Pittsburgh’s Three Rivers Arts Festival announces lineup, new features | Blogh

Monday, April 18, 2016

Pittsburgh’s Three Rivers Arts Festival announces lineup, new features

Posted By on Mon, Apr 18, 2016 at 3:05 PM

Pittsburgh’s Three Rivers Arts Festival announces lineup, new features
Photo courtesy of Pittsburgh Cultural Trust
Squonk Opera's "Cycle Sonic"

The festival’s 57th annual incarnation, June 3-12, will be broadly familiar: a Point State Park-based footprint, lots of bands, the artists’ market, large-scale outdoor public artworks, a juried visual-art show, festival food.

There’s even the welcome, lately near-annual tradition of a new show by performance-art rock-band faves Squonk Opera.

And it’s all still free, thanks largely to the title sponsor in what’s officially titled the Dollar Bank Three Rivers Arts Festival.

But according to info released today by the Pittsburgh Cultural Trust, there’ll be a few new wrinkles in the festival-going experience, and this year’s public art has a local bent.

For one, the Pittsburgh Technology Council’s CREATE Festival, which last year merely happened in conjunction with the arts fest, is more fully integrated – and it, too, is now free. The day-long festival, will take place June 9 at the Fairmont Hotel, with talks, the Innovation Salon exhibition and more.

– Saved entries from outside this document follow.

(* For smooth solutions (with $\rho>0$, $\Theta>0$, $\beta\in\mathcal S$), the NSME system $$\partial_t(\rho\langle m^{-1}\rangle_\beta)+\nabla_x\cdot(\rho\langle m^{-1}\rangle_\beta u)=\varepsilon\nabla_x\cdot(\nu\nabla_x\chi),\qquad \partial_t\rho+\nabla_x\cdot(\rho u)=0,$$ $$\partial_t(\rho u)+\nabla_x\cdot(\rho u\otimes u)+\nabla_x(\rho\Theta\langle m^{-1}\rangle_\beta)=\varepsilon\nabla_x\cdot(\mu\sigma(u)),$$ $$\partial_t(\rho|u|^2+n\rho\Theta\langle m^{-1}\rangle_\beta)+\nabla_x\cdot(\rho|u|^2u+(n+2)\rho\Theta\langle m^{-1}\rangle_\beta u)=\varepsilon\nabla_x\cdot\big((n+2)\nu\Theta\nabla_x\chi+2\kappa\nabla_x\Theta+2\mu\sigma(u)u\big)$$ is equivalent to the system, for the entropic variables $\mathcal A=(\mathcal A^\alpha)_{\alpha=1}^{n+3}$, $$\frac{\partial}{\partial t}\Big(\frac{\partial\Sigma}{\partial\mathcal A^\alpha}(\mathcal A)\Big)+\nabla_x\cdot\Big(\frac{\partial\Phi}{\partial\mathcal A^\alpha}(\mathcal A)\Big)=\nabla_x\cdot\Big(\sum_{\beta'=1}^{n+3}\mathbb X^{\alpha\beta'}\nabla_x\mathcal A^{\beta'}\Big),\qquad\alpha=1,\dots,n+3,$$ where the $n\times n$ blocks $\mathbb X^{\alpha\beta'}$ are defined in the context; moreover the block matrix $\mathbb X=(\mathbb X^{\alpha\beta'})$ is symmetric.
   Context: Let $n\ge1$, $\varepsilon>0$, $(\gamma_m)_{m\ge1}$ in $[0,\infty)$ with $\mathcal S:=\{\beta:\sum_m\frac{me^{\beta m}}{\gamma_m}<\infty\}\ne\emptyset$; $\langle a_m\rangle_\beta:=\sum_m\frac{me^{\beta m}}{\gamma_m}a_m/\sum_m\frac{me^{\beta m}}{\gamma_m}$; $Z(\beta,\Theta)=(2\pi\Theta)^{n/2}\sum_m\frac{me^{\beta m}}{\gamma_m}$. Coefficients: $\mu=\rho\Theta\langle m^{-1}\rangle_\beta$, $\kappa=\frac{n+2}2\rho\Theta\langle m^{-2}\rangle_\beta$, $\nu=\rho\Theta(\langle m^{-2}\rangle_\beta-\langle m^{-1}\rangle_\beta^2)$; $\sigma(u)=\nabla_xu+(\nabla_xu)^T-\frac2n(\nabla_x\cdot u)\mathrm I_n$; $\chi=\log(\rho\Theta/\sum_m\frac{me^{\beta m}}{\gamma_m})$. Entropic variables $\mathcal A=(D,A,B,C)$ with components $\mathcal A^\alpha=D_\alpha$ ($\alpha\le n$), $\mathcal A^{n+1}=A$, $\mathcal A^{n+2}=B$, $\mathcal A^{n+3}=C$, related to $(\rho,u,\Theta,\beta)$ by $C=-\frac1{2\Theta}$, $D=\frac u\Theta$, $B=\beta-\frac{|u|^2}{2\Theta}$, $A=\log(\rho/Z(\beta,\Theta))$. With $\boldsymbol\mu_m(v)\bullet\mathcal A:=mv\cdot D+A+mB+m|v|^2C$: $\Sigma(\mathcal A)=\sum_m\int_{\mathbb{R}^n}\frac{m^{n/2}}{\gamma_m}e^{\boldsymbol\mu_m(v)\bullet\mathcal A}dv$, $\Phi(\mathcal A)=\sum_m\int_{\mathbb{R}^n}\frac{m^{n/2}}{\gamma_m}e^{\boldsymbol\mu_m(v)\bullet\mathcal A}v\,dv\in\mathbb{R}^n$. With $(e_1,\dots,e_n)$ the canonical basis and $\mathrm 0_n$ the zero matrix: $\mathbb X^{\alpha\beta'}=\varepsilon\mu\Theta(\mathrm I_n\delta^{\alpha\beta'}+e_{\beta'}\otimes e_\alpha-\frac2ne_\alpha\otimes e_{\beta'})$ for $\alpha,\beta'\le n$; $\mathbb X^{\alpha,n+1}=\mathbb X^{\alpha,n+2}=(\mathbb X^{n+1,\alpha})^T=(\mathbb X^{n+2,\alpha})^T=\mathrm 0_n$ for $\alpha\le n$; $\mathbb X^{\alpha,n+3}=(\mathbb X^{n+3,\alpha})^T=2\varepsilon\mu\Theta(u_\alpha\mathrm I_n+u\otimes e_\alpha-\frac2ne_\alpha\otimes u)$ for $\alpha\le n$; $\mathbb X^{n+1,n+1}=\varepsilon\nu\mathrm I_n$, $\mathbb X^{n+1,n+2}=\mathbb X^{n+2,n+1}=\mathbb X^{n+2,n+2}=\mathrm 0_n$; $\mathbb X^{n+1,n+3}=\mathbb X^{n+3,n+1}=(n+2)\varepsilon\nu\Theta\mathrm I_n$, $\mathbb X^{n+2,n+3}=\mathbb X^{n+3,n+2}=\mathrm 0_n$; $\mathbb X^{n+3,n+3}=\varepsilon\Theta[((n+2)^2\nu\Theta+4\kappa\Theta+4\mu|u|^2)\mathrm I_n+4\frac{n-2}n\mu\,u\otimes u]$. Here $(a\otimes b)_{ij}=a_ib_j$, and $\nabla_x\cdot$ of a matrix field acts row-wise. *)

theory Defs
  imports "HOL-Analysis.Analysis"
begin

definition dirD :: "'a::real_normed_vector \<Rightarrow> ('a \<Rightarrow> real) \<Rightarrow> 'a \<Rightarrow> real" where
  "dirD v f p = deriv (\<lambda>s. f (p + s *\<^sub>R v)) 0"

definition smooth_on :: "'a::euclidean_space set \<Rightarrow> ('a \<Rightarrow> real) \<Rightarrow> bool" where
  "smooth_on U f \<longleftrightarrow>
     (\<forall>vs. set vs \<subseteq> Basis \<longrightarrow>
        continuous_on U (foldr dirD vs f) \<and>
        (\<forall>v\<in>Basis. \<forall>p\<in>U. (\<lambda>s. foldr dirD vs f (p + s *\<^sub>R v)) differentiable (at 0)))"

definition pdt :: "(real \<Rightarrow> real^'n \<Rightarrow> real) \<Rightarrow> real \<Rightarrow> real^'n \<Rightarrow> real" where
  "pdt f t x = deriv (\<lambda>s. f s x) t"

definition pdx :: "'n \<Rightarrow> (real \<Rightarrow> real^'n \<Rightarrow> real) \<Rightarrow> real \<Rightarrow> real^'n \<Rightarrow> real" where
  "pdx i f t x = deriv (\<lambda>s. f t (x + s *\<^sub>R axis i 1)) 0"

definition grad :: "(real \<Rightarrow> real^'n \<Rightarrow> real) \<Rightarrow> real \<Rightarrow> real^'n \<Rightarrow> real^'n" where
  "grad f t x = (\<chi> i. pdx i f t x)"

definition divg :: "(real \<Rightarrow> real^'n \<Rightarrow> real^'n) \<Rightarrow> real \<Rightarrow> real^'n \<Rightarrow> real" where
  "divg F t x = (\<Sum>i\<in>UNIV. pdx i (\<lambda>t x. F t x $ i) t x)"

definition divm :: "(real \<Rightarrow> real^'n \<Rightarrow> real^'n^'n) \<Rightarrow> real \<Rightarrow> real^'n \<Rightarrow> real^'n" where
  "divm M t x = (\<chi> j. \<Sum>i\<in>UNIV. pdx i (\<lambda>t x. M t x $ j $ i) t x)"

definition jac :: "(real \<Rightarrow> real^'n \<Rightarrow> real^'n) \<Rightarrow> real \<Rightarrow> real^'n \<Rightarrow> real^'n^'n" where
  "jac u t x = (\<chi> i j. pdx j (\<lambda>t x. u t x $ i) t x)"

definition outer :: "real^'n \<Rightarrow> real^'n \<Rightarrow> real^'n^'n" where
  "outer a b = (\<chi> i j. a $ i * b $ j)"

definition sigma :: "(real \<Rightarrow> real^'n \<Rightarrow> real^'n) \<Rightarrow> real \<Rightarrow> real^'n \<Rightarrow> real^'n^'n" where
  "sigma u t x = jac u t x + transpose (jac u t x)
      - ((2 / real CARD('n)) * divg u t x) *\<^sub>R mat 1"

section \<open>Weights, averages, coefficients  (species index m ranges over m >= 1)\<close>

definition wgt :: "(nat \<Rightarrow> real) \<Rightarrow> real \<Rightarrow> nat \<Rightarrow> real" where
  "wgt \<gamma> b m = real m * exp (b * real m) / \<gamma> m"

definition Wsum :: "(nat \<Rightarrow> real) \<Rightarrow> real \<Rightarrow> real" where
  "Wsum \<gamma> b = (\<Sum>m. wgt \<gamma> b (Suc m))"

definition Sset :: "(nat \<Rightarrow> real) \<Rightarrow> real set" where
  "Sset \<gamma> = {b. summable (\<lambda>m. wgt \<gamma> b (Suc m))}"

definition avg :: "(nat \<Rightarrow> real) \<Rightarrow> real \<Rightarrow> (nat \<Rightarrow> real) \<Rightarrow> real" where
  "avg \<gamma> b a = (\<Sum>m. wgt \<gamma> b (Suc m) * a (Suc m)) / Wsum \<gamma> b"

definition Zfun :: "nat \<Rightarrow> (nat \<Rightarrow> real) \<Rightarrow> real \<Rightarrow> real \<Rightarrow> real" where
  "Zfun n \<gamma> b \<Theta> = (2 * pi * \<Theta>) powr (real n / 2) * Wsum \<gamma> b"

definition mu_c :: "(nat \<Rightarrow> real) \<Rightarrow> real \<Rightarrow> real \<Rightarrow> real \<Rightarrow> real" where
  "mu_c \<gamma> \<rho> \<Theta> b = \<rho> * \<Theta> * avg \<gamma> b (\<lambda>m. 1 / real m)"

Things will also be more comfortable and culinarily pleasing for some fest-goers. Sarah Aziz, the Trust’s new program manager for special events, announced that for the first time the festival will include sensory-friendly “breakout areas” for people on the autism spectrum. Also look for the fest’s first ever feeding room for parents and kids, with a changing station, quiet space for breast-feeding and more.

For those on solid food, there will also be extended availability of food trucks.

At today’s press conference, at the Trust’s Peirce studios, Downtown, Aziz also recapped the previously announced musical guests, including opening-night headliner Michael Franti.

The public art, which in years past has often featured work by visiting artists, this year offers work by three locals.

In Gateway Center, look for large-scale installation “Multiverse Wall,” by Jesse Best (CREATE Festival’s featured artist of the year), and “Dandelions,” street signs mimicking the ubiquitous plant, by Carin Mincemoyer. Meanwhile, Point State Park will host the visionary “WindNest Prototype,” a quarter-scale model of a proposed artwork that doubles as a renewable-energy generator, by Trevor Lee (of Philadelphia-based Suprafutures) and Pittsburgh-based Land Art Generator Initiative.

The surrealism-minded Squonk Opera’s latest, Cycle Sonic, gets six performances June 11 and 12.

Also on the performance front, for the first time Pittsburgh Playwrights Theatre Co.’s Theatre Festival in Black and White (with black playwrights directing one-acts by white playwrights, and vice versa) is part of the arts fest.

For a full schedule, see here.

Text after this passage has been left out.